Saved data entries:
####

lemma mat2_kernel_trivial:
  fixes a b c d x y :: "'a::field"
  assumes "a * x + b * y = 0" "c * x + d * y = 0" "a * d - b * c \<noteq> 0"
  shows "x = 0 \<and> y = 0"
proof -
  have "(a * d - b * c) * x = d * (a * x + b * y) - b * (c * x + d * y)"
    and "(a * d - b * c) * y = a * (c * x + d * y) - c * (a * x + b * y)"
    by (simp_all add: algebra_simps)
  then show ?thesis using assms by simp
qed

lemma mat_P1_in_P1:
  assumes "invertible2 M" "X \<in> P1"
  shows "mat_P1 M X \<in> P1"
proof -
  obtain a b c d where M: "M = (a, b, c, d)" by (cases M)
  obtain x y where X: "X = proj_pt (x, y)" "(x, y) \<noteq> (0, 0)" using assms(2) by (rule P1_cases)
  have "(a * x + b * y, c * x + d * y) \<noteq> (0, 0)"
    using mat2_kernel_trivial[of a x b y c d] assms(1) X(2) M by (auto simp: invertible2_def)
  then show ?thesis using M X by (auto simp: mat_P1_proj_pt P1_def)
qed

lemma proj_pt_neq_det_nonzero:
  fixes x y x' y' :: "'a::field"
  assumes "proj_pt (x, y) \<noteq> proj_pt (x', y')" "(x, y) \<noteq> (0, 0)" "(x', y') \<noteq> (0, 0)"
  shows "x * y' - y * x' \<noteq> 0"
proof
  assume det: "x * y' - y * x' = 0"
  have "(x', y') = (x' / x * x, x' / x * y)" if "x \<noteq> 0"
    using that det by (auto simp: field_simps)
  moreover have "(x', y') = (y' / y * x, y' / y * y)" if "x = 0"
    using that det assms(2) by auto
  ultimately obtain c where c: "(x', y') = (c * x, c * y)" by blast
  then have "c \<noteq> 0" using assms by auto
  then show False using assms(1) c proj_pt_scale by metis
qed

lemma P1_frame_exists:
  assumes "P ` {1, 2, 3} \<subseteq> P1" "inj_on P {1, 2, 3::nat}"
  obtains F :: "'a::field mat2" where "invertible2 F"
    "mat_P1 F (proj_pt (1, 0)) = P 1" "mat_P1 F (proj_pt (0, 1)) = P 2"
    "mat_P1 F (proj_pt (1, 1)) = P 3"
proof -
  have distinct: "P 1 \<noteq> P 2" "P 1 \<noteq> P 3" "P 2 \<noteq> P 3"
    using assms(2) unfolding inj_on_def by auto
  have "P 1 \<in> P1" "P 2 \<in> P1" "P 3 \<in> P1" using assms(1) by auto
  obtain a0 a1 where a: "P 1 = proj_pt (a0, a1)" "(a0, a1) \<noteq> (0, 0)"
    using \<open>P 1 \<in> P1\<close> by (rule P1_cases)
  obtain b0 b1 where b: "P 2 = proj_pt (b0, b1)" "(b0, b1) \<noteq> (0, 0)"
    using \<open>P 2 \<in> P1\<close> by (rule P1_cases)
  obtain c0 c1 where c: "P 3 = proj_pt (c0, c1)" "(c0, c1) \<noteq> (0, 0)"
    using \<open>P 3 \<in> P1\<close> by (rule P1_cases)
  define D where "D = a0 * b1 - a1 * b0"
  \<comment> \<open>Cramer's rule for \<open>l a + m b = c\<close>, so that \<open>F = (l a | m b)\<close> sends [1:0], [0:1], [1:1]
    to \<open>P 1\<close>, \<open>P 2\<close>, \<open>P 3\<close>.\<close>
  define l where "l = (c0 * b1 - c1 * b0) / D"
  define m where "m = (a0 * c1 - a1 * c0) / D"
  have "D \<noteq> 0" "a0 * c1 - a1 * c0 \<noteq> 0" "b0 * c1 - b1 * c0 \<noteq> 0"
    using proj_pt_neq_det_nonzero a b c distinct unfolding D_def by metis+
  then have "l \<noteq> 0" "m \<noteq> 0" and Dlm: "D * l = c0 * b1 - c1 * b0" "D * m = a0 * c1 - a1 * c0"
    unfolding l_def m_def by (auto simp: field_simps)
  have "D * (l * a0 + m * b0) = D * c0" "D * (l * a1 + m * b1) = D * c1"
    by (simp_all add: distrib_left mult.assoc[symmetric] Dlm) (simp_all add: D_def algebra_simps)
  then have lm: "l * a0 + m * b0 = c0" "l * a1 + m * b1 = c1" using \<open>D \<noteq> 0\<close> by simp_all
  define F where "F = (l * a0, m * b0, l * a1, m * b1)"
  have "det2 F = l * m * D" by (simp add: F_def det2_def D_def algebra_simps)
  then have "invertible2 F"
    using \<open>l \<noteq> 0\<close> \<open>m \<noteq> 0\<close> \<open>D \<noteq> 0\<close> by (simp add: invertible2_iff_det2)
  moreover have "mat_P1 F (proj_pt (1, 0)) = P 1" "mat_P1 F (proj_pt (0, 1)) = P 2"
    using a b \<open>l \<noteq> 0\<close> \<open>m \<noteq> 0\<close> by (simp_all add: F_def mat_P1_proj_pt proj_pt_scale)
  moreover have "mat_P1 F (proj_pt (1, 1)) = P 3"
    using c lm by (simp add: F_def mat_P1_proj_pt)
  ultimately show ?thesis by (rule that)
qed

####

* _What is expected_: Search the data above for the word "assumes". Copy each line it is in.

* _Worked solution_:
  assumes "a * x + b * y = 0" "c * x + d * y = 0" "a * d - b * c \<noteq> 0"
  assumes "invertible2 M" "X \<in> P1"
  assumes "proj_pt (x, y) \<noteq> proj_pt (x', y')" "(x, y) \<noteq> (0, 0)" "(x', y') \<noteq> (0, 0)"
  assumes "P ` {1, 2, 3} \<subseteq> P1" "inj_on P {1, 2, 3::nat}"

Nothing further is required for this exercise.